At its core, Ramsey’s advice emphasizes the importance of adopting the habits, behaviors, and decisions that contribute to long-term financial success. But is it really as simple as mimicking the wealthy to achieve wealth?
It is an inspiring idea but also somewhat controversial because it opens questions about opportunity, privilege, and the vagaries of personal finance. Let’s see what Ramsey’s advice means at its core and whether it holds up across diverse financial realities.
The habits of the rich reveal patterns of discipline, predictability, and determination. Ramsey regularly urges people to live below their means, prioritize saving, and invest often. These are practices he says wealthy people follow consistently. For example, financially successful people typically avoid “lifestyle inflation” by living modestly even as their income grows.
Another hallmark of the wealthy is how they approach debt. Instead of relying upon credit to pay for daily expenses, they use it strategically. They will buy assets that appreciate instead of depreciate over time. They will build multiple income streams, whether in real estate or business ventures, to diversify their portfolios for financial stability and growth.
Ramsey encourages individuals to emulate these habits: save aggressively, spend intentionally, and focus on growing your assets instead of your liabilities. It is a hard-to-beat winning formula.

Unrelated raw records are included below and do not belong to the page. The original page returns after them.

(* Let $\Omega$ be a finite set and let $\mathcal{F}_{+}$ denote the set of nonnegative, increasing set functions $f:2^{\Omega}\to\mathbb{R}$. Let $\zeta:\mathcal{F}_{+}\to\mathbb{R}$ be any one of the following: (I) $\zeta[f]=\mathcal{E}[f]$; (II) $\zeta[f]=D[f]$; (III) $\zeta[f]=d^{\ell,k}[f]$ for some fixed $\ell\in\{0,\dots,|\Omega|-1\}$, $k\in\{0,\dots,|\Omega|\}$; (IV) $\zeta[f]=\Delta^{L,K}[f]$ for some fixed $L\in\{0,\dots,|\Omega|-1\}$, $K\in\{1,\dots,|\Omega|\}$. Then: (i) $\zeta$ is sublinear: for all $f_1,f_2\in\mathcal{F}_{+}$, $\zeta[f_1]+\zeta[f_2]\ge\zeta[f_1+f_2]$, and for all $f\in\mathcal{F}_{+}$ and $\alpha\in\mathbb{R}_{+}$, $\alpha\zeta[f]=\zeta[\alpha f]$. (ii) In cases (I), (II), (III): if $f\in\mathcal{F}_{+}$ is not submodular, then for any $\epsilon\in[0,\zeta[f])$ there does not exist a nonnegative, increasing, submodular function $g:2^{\Omega}\to\mathbb{R}$ with $\|g-f\|_{\infty}<\epsilon/4$.
   Context: A set function $f$ is increasing if $f(\mathcal{A})\le f(\mathcal{B})$ whenever $\mathcal{A}\subseteq\mathcal{B}$; it is submodular if $f(\mathcal{A}\cup\mathcal{B})+f(\mathcal{A}\cap\mathcal{B})\le f(\mathcal{A})+f(\mathcal{B})$ for all $\mathcal{A},\mathcal{B}\subseteq\Omega$. Definitions: $\mathcal{E}[f]=\max_{\mathcal{A},\mathcal{B}\subseteq\Omega} f(\mathcal{A}\cup\mathcal{B})+f(\mathcal{A}\cap\mathcal{B})-f(\mathcal{A})-f(\mathcal{B})$. For $\ell\in\{0,\dots,|\Omega|-1\}$, $k\in\{0,\dots,|\Omega|\}$, $d^{\ell,k}[f]=\max\{f(\mathcal{A}\cup\mathcal{B}\cup\{s\})-f(\mathcal{A}\cup\mathcal{B})-f(\mathcal{A}\cup\{s\})+f(\mathcal{A}) : \mathcal{A},\mathcal{B}\subseteq\Omega, s\in\Omega, |\mathcal{A}|=\ell,|\mathcal{B}|=k\}$. $D[f]=\max\{d^{\ell,k}[f]:\ell\in\{0,\dots,|\Omega|-1\},k\in\{0,\dots,|\Omega|\}\}$. For $K\in\{1,\dots,|\Omega|\}$, $\delta^{\ell,K}[f]=\sum_{k=0}^{K-1}d^{\ell,k}[f]$, and $\Delta^{L,K}[f]=\max_{\ell\in\{0,\dots,L\}}\delta^{\ell,K}[f]$. $\|h\|_\infty=\max_{\mathcal{S}\subseteq\Omega}|h(\mathcal{S})|$. *)

theory Defs
  imports Complex_Main
begin

text \<open>Ground set Omega = UNIV of a finite type 'a; set functions are 'a set => real.\<close>

definition increasing_sf :: "('a set \<Rightarrow> real) \<Rightarrow> bool" where
  "increasing_sf f \<longleftrightarrow> (\<forall>A B. A \<subseteq> B \<longrightarrow> f A \<le> f B)"

definition submodular_sf :: "('a set \<Rightarrow> real) \<Rightarrow> bool" where
  "submodular_sf f \<longleftrightarrow> (\<forall>A B. f (A \<union> B) + f (A \<inter> B) \<le> f A + f B)"

definition nonneg_sf :: "('a set \<Rightarrow> real) \<Rightarrow> bool" where
  "nonneg_sf f \<longleftrightarrow> (\<forall>S. 0 \<le> f S)"

definition Fplus :: "('a set \<Rightarrow> real) \<Rightarrow> bool" where
  "Fplus f \<longleftrightarrow> nonneg_sf f \<and> increasing_sf f"

definition Esub :: "('a::finite set \<Rightarrow> real) \<Rightarrow> real" where
  "Esub f = Max {f (A \<union> B) + f (A \<inter> B) - f A - f B | A B. True}"

definition dlk :: "nat \<Rightarrow> nat \<Rightarrow> ('a::finite set \<Rightarrow> real) \<Rightarrow> real" where
  "dlk l k f = Max {f (A \<union> B \<union> {s}) - f (A \<union> B) - f (A \<union> {s}) + f A
                    | A B s. card A = l \<and> card B = k}"

definition Dsub :: "('a::finite set \<Rightarrow> real) \<Rightarrow> real" where
  "Dsub f = Max {dlk l k f | l k. l < card (UNIV::'a set) \<and> k \<le> card (UNIV::'a set)}"

definition deltaLK :: "nat \<Rightarrow> nat \<Rightarrow> ('a::finite set \<Rightarrow> real) \<Rightarrow> real" where
  "deltaLK l K f = (\<Sum>k<K. dlk l k f)"

definition DeltaLK :: "nat \<Rightarrow> nat \<Rightarrow> ('a::finite set \<Rightarrow> real) \<Rightarrow> real" where
  "DeltaLK L K f = Max {deltaLK l K f | l. l \<le> L}"

definition supnorm :: "('a::finite set \<Rightarrow> real) \<Rightarrow> real" where
  "supnorm h = Max ((\<lambda>S. \<bar>h S\<bar>) ` UNIV)"

end

theory Submission
  imports Defs
begin

text \<open>Each quantity is a maximum over a finite nonempty index set of (sums of) defects
  \<open>f P + f Q - f R - f S\<close>. A defect is linear in \<open>f\<close>, and maxima and sums of linear
  functionals are sublinear; this needs no hypothesis on \<open>f\<close> at all. Replacing \<open>f\<close> by \<open>g\<close>
  changes a defect by at most \<open>4 * supnorm (g - f)\<close>, and the defects defining \<open>Esub\<close> and
  \<open>dlk\<close> are nonpositive for submodular increasing \<open>g\<close>, so
  \<open>\<zeta> f \<le> 4 * supnorm (g - f)\<close>.\<close>

lemma Max_image_le_Max_image_add:
  fixes F G H :: "'i \<Rightarrow> real"
  assumes "finite I" "I \<noteq> {}" "\<And>i. i \<in> I \<Longrightarrow> H i \<le> F i + G i"
  shows "Max (H ` I) \<le> Max (F ` I) + Max (G ` I)"
proof -
  have "H i \<le> Max (F ` I) + Max (G ` I)" if "i \<in> I" for i
  proof -
    have "F i \<le> Max (F ` I)" "G i \<le> Max (G ` I)" using that assms(1) by auto
    then show ?thesis using assms(3)[OF that] by linarith
  qed
  then show ?thesis using assms by (simp add: Max_le_iff)
qed

lemma Max_image_le_Max_image_plus:
  fixes F G :: "'i \<Rightarrow> real"
  assumes "finite I" "I \<noteq> {}" "\<And>i. i \<in> I \<Longrightarrow> F i \<le> G i + c"
  shows "Max (F ` I) \<le> Max (G ` I) + c"
  using Max_image_le_Max_image_add[of I F G "\<lambda>_. c"] assms by (simp add: image_constant_conv)

lemma mult_Max_image:
  fixes F :: "'i \<Rightarrow> real"
  assumes "finite I" "I \<noteq> {}" "0 \<le> \<alpha>"
  shows "\<alpha> * Max (F ` I) = Max ((\<lambda>i. \<alpha> * F i) ` I)"
proof -
  have "mono ((*) \<alpha>)" using assms(3) by (simp add: mono_def mult_left_mono)
  then show ?thesis using mono_Max_commute[of "(*) \<alpha>" "F ` I"] assms by (simp add: image_image)
qed

definition sublinear :: "(('b \<Rightarrow> real) \<Rightarrow> real) \<Rightarrow> bool" where
  "sublinear \<zeta> \<longleftrightarrow> (\<forall>f g. \<zeta> (\<lambda>x. f x + g x) \<le> \<zeta> f + \<zeta> g)
                    \<and> (\<forall>f \<alpha>. 0 \<le> \<alpha> \<longrightarrow> \<alpha> * \<zeta> f = \<zeta> (\<lambda>x. \<alpha> * f x))"

lemma sublinear_Max:
  assumes "finite I" "I \<noteq> {}" "\<And>i. i \<in> I \<Longrightarrow> sublinear (\<phi> i)"
  shows "sublinear (\<lambda>f. Max ((\<lambda>i. \<phi> i f) ` I))"
  unfolding sublinear_def
proof (intro conjI allI impI)
  fix f g :: "'b \<Rightarrow> real"
  show "Max ((\<lambda>i. \<phi> i (\<lambda>x. f x + g x)) ` I) \<le> Max ((\<lambda>i. \<phi> i f) ` I) + Max ((\<lambda>i. \<phi> i g) ` I)"
    using assms by (intro Max_image_le_Max_image_add) (auto simp: sublinear_def)
next
  fix f :: "'b \<Rightarrow> real" and \<alpha> :: real
  assume "0 \<le> \<alpha>"
  then have "Max ((\<lambda>i. \<phi> i (\<lambda>x. \<alpha> * f x)) ` I) = Max ((\<lambda>i. \<alpha> * \<phi> i f) ` I)"
    using assms(3) by (intro arg_cong[where f = Max] image_cong) (auto simp: sublinear_def)
  with \<open>0 \<le> \<alpha>\<close> assms(1,2) show "\<alpha> * Max ((\<lambda>i. \<phi> i f) ` I) = Max ((\<lambda>i. \<phi> i (\<lambda>x. \<alpha> * f x)) ` I)"
    by (simp add: mult_Max_image)
qed

lemma sublinear_sum:
  assumes "\<And>i. i \<in> I \<Longrightarrow> sublinear (\<phi> i)"
  shows "sublinear (\<lambda>f. \<Sum>i\<in>I. \<phi> i f)"
  using assms unfolding sublinear_def
  by (auto simp: sum.distrib[symmetric] sum_distrib_left intro: sum_mono)

definition defect :: "('a set \<Rightarrow> real) \<Rightarrow> 'a set \<Rightarrow> 'a set \<Rightarrow> 'a set \<Rightarrow> 'a set \<Rightarrow> real" where
  "defect f P Q R S = f P + f Q - f R - f S"

lemma sublinear_defect: "sublinear (\<lambda>f. defect f P Q R S)"
  unfolding sublinear_def defect_def by (simp add: algebra_simps)

lemma supnorm_ge: "\<bar>h S\<bar> \<le> supnorm h"
  unfolding supnorm_def by (rule Max_ge) auto

lemma defect_le_defect_plus_supnorm:
  "defect f P Q R S \<le> defect g P Q R S + 4 * supnorm (\<lambda>S. g S - f S)"
  using supnorm_ge[of "\<lambda>S. g S - f S" P] supnorm_ge[of "\<lambda>S. g S - f S" Q]
    supnorm_ge[of "\<lambda>S. g S - f S" R] supnorm_ge[of "\<lambda>S. g S - f S" S]
  unfolding defect_def by (simp add: abs_le_iff)

lemma Esub_eq_Max_defect:
  "Esub f = Max ((\<lambda>(A, B). defect f (A \<union> B) (A \<inter> B) A B) ` UNIV)"
  unfolding Esub_def defect_def by (rule arg_cong[where f = Max]) auto

definition dlk_index :: "nat \<Rightarrow> nat \<Rightarrow> ('a set \<times> 'a set \<times> 'a) set" where
  "dlk_index l k = {(A, B, s). card A = l \<and> card B = k}"

lemma dlk_eq_Max_defect:
  "dlk l k f = Max ((\<lambda>(A, B, s). defect f (A \<union> B \<union> {s}) A (A \<union> B) (A \<union> {s})) ` dlk_index l k)"
  unfolding dlk_def defect_def dlk_index_def by (rule arg_cong[where f = Max]) force

lemma dlk_index_nonempty:
  assumes "l \<le> card (UNIV :: 'a::finite set)" "k \<le> card (UNIV :: 'a set)"
  shows "dlk_index l k \<noteq> ({} :: ('a set \<times> 'a set \<times> 'a) set)"
proof -
  obtain A B :: "'a set" where "card A = l" "card B = k"
    using obtain_subset_with_card_n assms by metis
  then have "(A, B, undefined) \<in> dlk_index l k" unfolding dlk_index_def by simp
  then show ?thesis by blast
qed

lemma Dsub_eq_Max_dlk:
  "Dsub f = Max ((\<lambda>(l, k). dlk l k f) ` ({..<card (UNIV :: 'a set)} \<times> {..card (UNIV :: 'a set)}))"
  for f :: "'a::finite set \<Rightarrow> real"
  unfolding Dsub_def by (rule arg_cong[where f = Max]) force

lemma DeltaLK_eq_Max_deltaLK: "DeltaLK L K f = Max ((\<lambda>l. deltaLK l K f) ` {..L})"
  unfolding DeltaLK_def by (rule arg_cong[where f = Max]) force

lemma sublinear_Esub: "sublinear (Esub :: ('a::finite set \<Rightarrow> real) \<Rightarrow> real)"
  unfolding Esub_eq_Max_defect[abs_def] case_prod_beta
  by (rule sublinear_Max) (auto intro: sublinear_defect)

lemma sublinear_dlk:
  assumes "l \<le> card (UNIV :: 'a::finite set)" "k \<le> card (UNIV :: 'a set)"
  shows "sublinear (dlk l k :: ('a set \<Rightarrow> real) \<Rightarrow> real)"
  unfolding dlk_eq_Max_defect[abs_def] case_prod_beta
  using dlk_index_nonempty[OF assms] by (intro sublinear_Max) (auto intro: sublinear_defect)

lemma sublinear_Dsub: "sublinear (Dsub :: ('a::finite set \<Rightarrow> real) \<Rightarrow> real)"
  unfolding Dsub_eq_Max_dlk[abs_def] case_prod_beta
  by (rule sublinear_Max) (auto intro: sublinear_dlk simp: lessThan_empty_iff)

lemma sublinear_DeltaLK:
  assumes "L < card (UNIV :: 'a::finite set)" "K \<le> card (UNIV :: 'a set)"
  shows "sublinear (DeltaLK L K :: ('a set \<Rightarrow> real) \<Rightarrow> real)"
  unfolding DeltaLK_eq_Max_deltaLK[abs_def] deltaLK_def
  using assms by (intro sublinear_Max sublinear_sum sublinear_dlk) auto

lemma submodular_increasing_marginal_antimono:
  assumes "submodular_sf g" "increasing_sf g" "A \<subseteq> A'"
  shows "g (A' \<union> X) - g A' \<le> g (A \<union> X) - g A"
proof -
  have "g (A' \<union> (A \<union> X)) + g (A' \<inter> (A \<union> X)) \<le> g A' + g (A \<union> X)"
    using assms(1) unfolding submodular_sf_def by blast
  moreover have "A' \<union> (A \<union> X) = A' \<union> X" using assms(3) by blast
  moreover have "g A \<le> g (A' \<inter> (A \<union> X))"
    using assms(2,3) unfolding increasing_sf_def by auto
  ultimately show ?thesis by simp
qed

lemma Esub_le_supnorm:
  assumes "submodular_sf g"
  shows "Esub f \<le> 4 * supnorm (\<lambda>S. g S - f S)"
proof -
  have "Esub f \<le> Esub g + 4 * supnorm (\<lambda>S. g S - f S)"
    unfolding Esub_eq_Max_defect
    by (rule Max_image_le_Max_image_plus) (auto intro: defect_le_defect_plus_supnorm)
  moreover have "Esub g \<le> 0"
    using assms unfolding Esub_eq_Max_defect submodular_sf_def defect_def
    by (auto simp: Max_le_iff algebra_simps)
  ultimately show ?thesis by linarith
qed

lemma dlk_le_supnorm:
  fixes f g :: "'a::finite set \<Rightarrow> real"
  assumes "l \<le> card (UNIV :: 'a set)" "k \<le> card (UNIV :: 'a set)"
    and "submodular_sf g" "increasing_sf g"
  shows "dlk l k f \<le> 4 * supnorm (\<lambda>S. g S - f S)"
proof -
  note nonempty = dlk_index_nonempty[OF assms(1,2)]
  have "dlk l k f \<le> dlk l k g + 4 * supnorm (\<lambda>S. g S - f S)"
    unfolding dlk_eq_Max_defect using nonempty
    by (intro Max_image_le_Max_image_plus) (auto intro: defect_le_defect_plus_supnorm)
  moreover have "defect g (A \<union> B \<union> {s}) A (A \<union> B) (A \<union> {s}) \<le> 0" for A B s
    using submodular_increasing_marginal_antimono[OF assms(3,4), of A "A \<union> B" "{s}"]
    unfolding defect_def by simp
  then have "dlk l k g \<le> 0"
    unfolding dlk_eq_Max_defect using nonempty by (auto simp: Max_le_iff)
  ultimately show ?thesis by linarith
qed

lemma Dsub_le_supnorm:
  fixes f g :: "'a::finite set \<Rightarrow> real"
  assumes "submodular_sf g" "increasing_sf g"
  shows "Dsub f \<le> 4 * supnorm (\<lambda>S. g S - f S)"
  unfolding Dsub_eq_Max_dlk using assms
  by (subst Max_le_iff) (auto simp: lessThan_empty_iff intro!: dlk_le_supnorm)

theorem mainTheorem1:
  fixes \<zeta> :: "('a::finite set \<Rightarrow> real) \<Rightarrow> real"
  assumes cases: "\<zeta> = Esub \<or> \<zeta> = Dsub
     \<or> (\<exists>l k. l < card (UNIV::'a set) \<and> k \<le> card (UNIV::'a set) \<and> \<zeta> = dlk l k)
     \<or> (\<exists>L K. L < card (UNIV::'a set) \<and> 1 \<le> K \<and> K \<le> card (UNIV::'a set) \<and> \<zeta> = DeltaLK L K)"
  shows "(\<forall>f1 f2. Fplus f1 \<longrightarrow> Fplus f2 \<longrightarrow> \<zeta> (\<lambda>S. f1 S + f2 S) \<le> \<zeta> f1 + \<zeta> f2)
       \<and> (\<forall>f (\<alpha>::real). Fplus f \<longrightarrow> 0 \<le> \<alpha> \<longrightarrow> \<alpha> * \<zeta> f = \<zeta> (\<lambda>S. \<alpha> * f S))
       \<and> ((\<zeta> = Esub \<or> \<zeta> = Dsub
            \<or> (\<exists>l k. l < card (UNIV::'a set) \<and> k \<le> card (UNIV::'a set) \<and> \<zeta> = dlk l k)) \<longrightarrow>
          (\<forall>f \<epsilon>. Fplus f \<longrightarrow> \<not> submodular_sf f \<longrightarrow> 0 \<le> \<epsilon> \<longrightarrow> \<epsilon> < \<zeta> f \<longrightarrow>
             \<not> (\<exists>g. nonneg_sf g \<and> increasing_sf g \<and> submodular_sf g
                    \<and> supnorm (\<lambda>S. g S - f S) < \<epsilon> / 4)))"
proof -
  have sublinear: "sublinear \<zeta>"
    using cases by (auto intro: sublinear_Esub sublinear_Dsub sublinear_dlk sublinear_DeltaLK)
  have bound: "\<zeta> f \<le> 4 * supnorm (\<lambda>S. g S - f S)"
    if "\<zeta> = Esub \<or> \<zeta> = Dsub
          \<or> (\<exists>l k. l < card (UNIV::'a set) \<and> k \<le> card (UNIV::'a set) \<and> \<zeta> = dlk l k)"
      and "submodular_sf g" "increasing_sf g" for f g
    using that by (auto intro: Esub_le_supnorm Dsub_le_supnorm dlk_le_supnorm)
  show ?thesis
  proof (intro conjI allI impI)
    show "\<zeta> (\<lambda>S. f1 S + f2 S) \<le> \<zeta> f1 + \<zeta> f2" for f1 f2
      using sublinear unfolding sublinear_def by blast
    show "\<alpha> * \<zeta> f = \<zeta> (\<lambda>S. \<alpha> * f S)" if "0 \<le> \<alpha>" for f \<alpha>
      using sublinear that unfolding sublinear_def by blast
  next
    fix f \<epsilon>
    assume kind: "\<zeta> = Esub \<or> \<zeta> = Dsub
          \<or> (\<exists>l k. l < card (UNIV::'a set) \<and> k \<le> card (UNIV::'a set) \<and> \<zeta> = dlk l k)"
      and "\<epsilon> < \<zeta> f"
    then show "\<not> (\<exists>g. nonneg_sf g \<and> increasing_sf g \<and> submodular_sf g
                    \<and> supnorm (\<lambda>S. g S - f S) < \<epsilon> / 4)"
      using bound[OF kind, of _ f] by fastforce
  qed
qed

end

While I’m not a financial planner, so this is just my opinion, Ramsey’s advice is good up to a point. First, not everyone starts from the same position of privilege. Like real estate where “location, location, location” can make or break an investment, financial success can be deeply influenced by one’s circumstances. Wealthy individuals often have access to opportunities and resources, including better education, networks, and family connections, that put them on the road to success.
Consider Ramsey’s advice to avoid debt at all costs. While it sounds good, for a low-income worker who needs a car to get to work or has to take on student loans to access better career opportunities, debt isn’t necessarily a sign of poor financial habits. Many times it is a necessary tool for a chance at upward mobility.
Likewise, saving aggressively assumes a level of disposable income that may not exist for those living paycheck to paycheck. For someone earning a median salary, putting away 20% of their income might feel impossible when the cost of just the essentials of living like housing, food, and childcare have been inflated and consume the bulk of their earnings.
The real power behind Ramsey’s advice doesn’t come from just imitating what the wealthy do dollar-for-dollar. Rather, it is in adopting the mindset behind their decisions. At its core, his advice is about creating a foundation for financial discipline by prioritizing long-term stability over short-term gratification.
For someone earning a modest income, this might mean beginning by putting away small, but consistent amounts of money; avoiding high-interest debt; and seeking out opportunities to grow your skills and income. For high earners, it means scaling those same habits to maximize your wealth without being ostentatious.
Dave Ramsey’s advice is an admirable framework for achieving financial success. Emulate the wealthy mindset without imitating their actions. It requires adapting these principles to your own unique circumstances and making them work for you.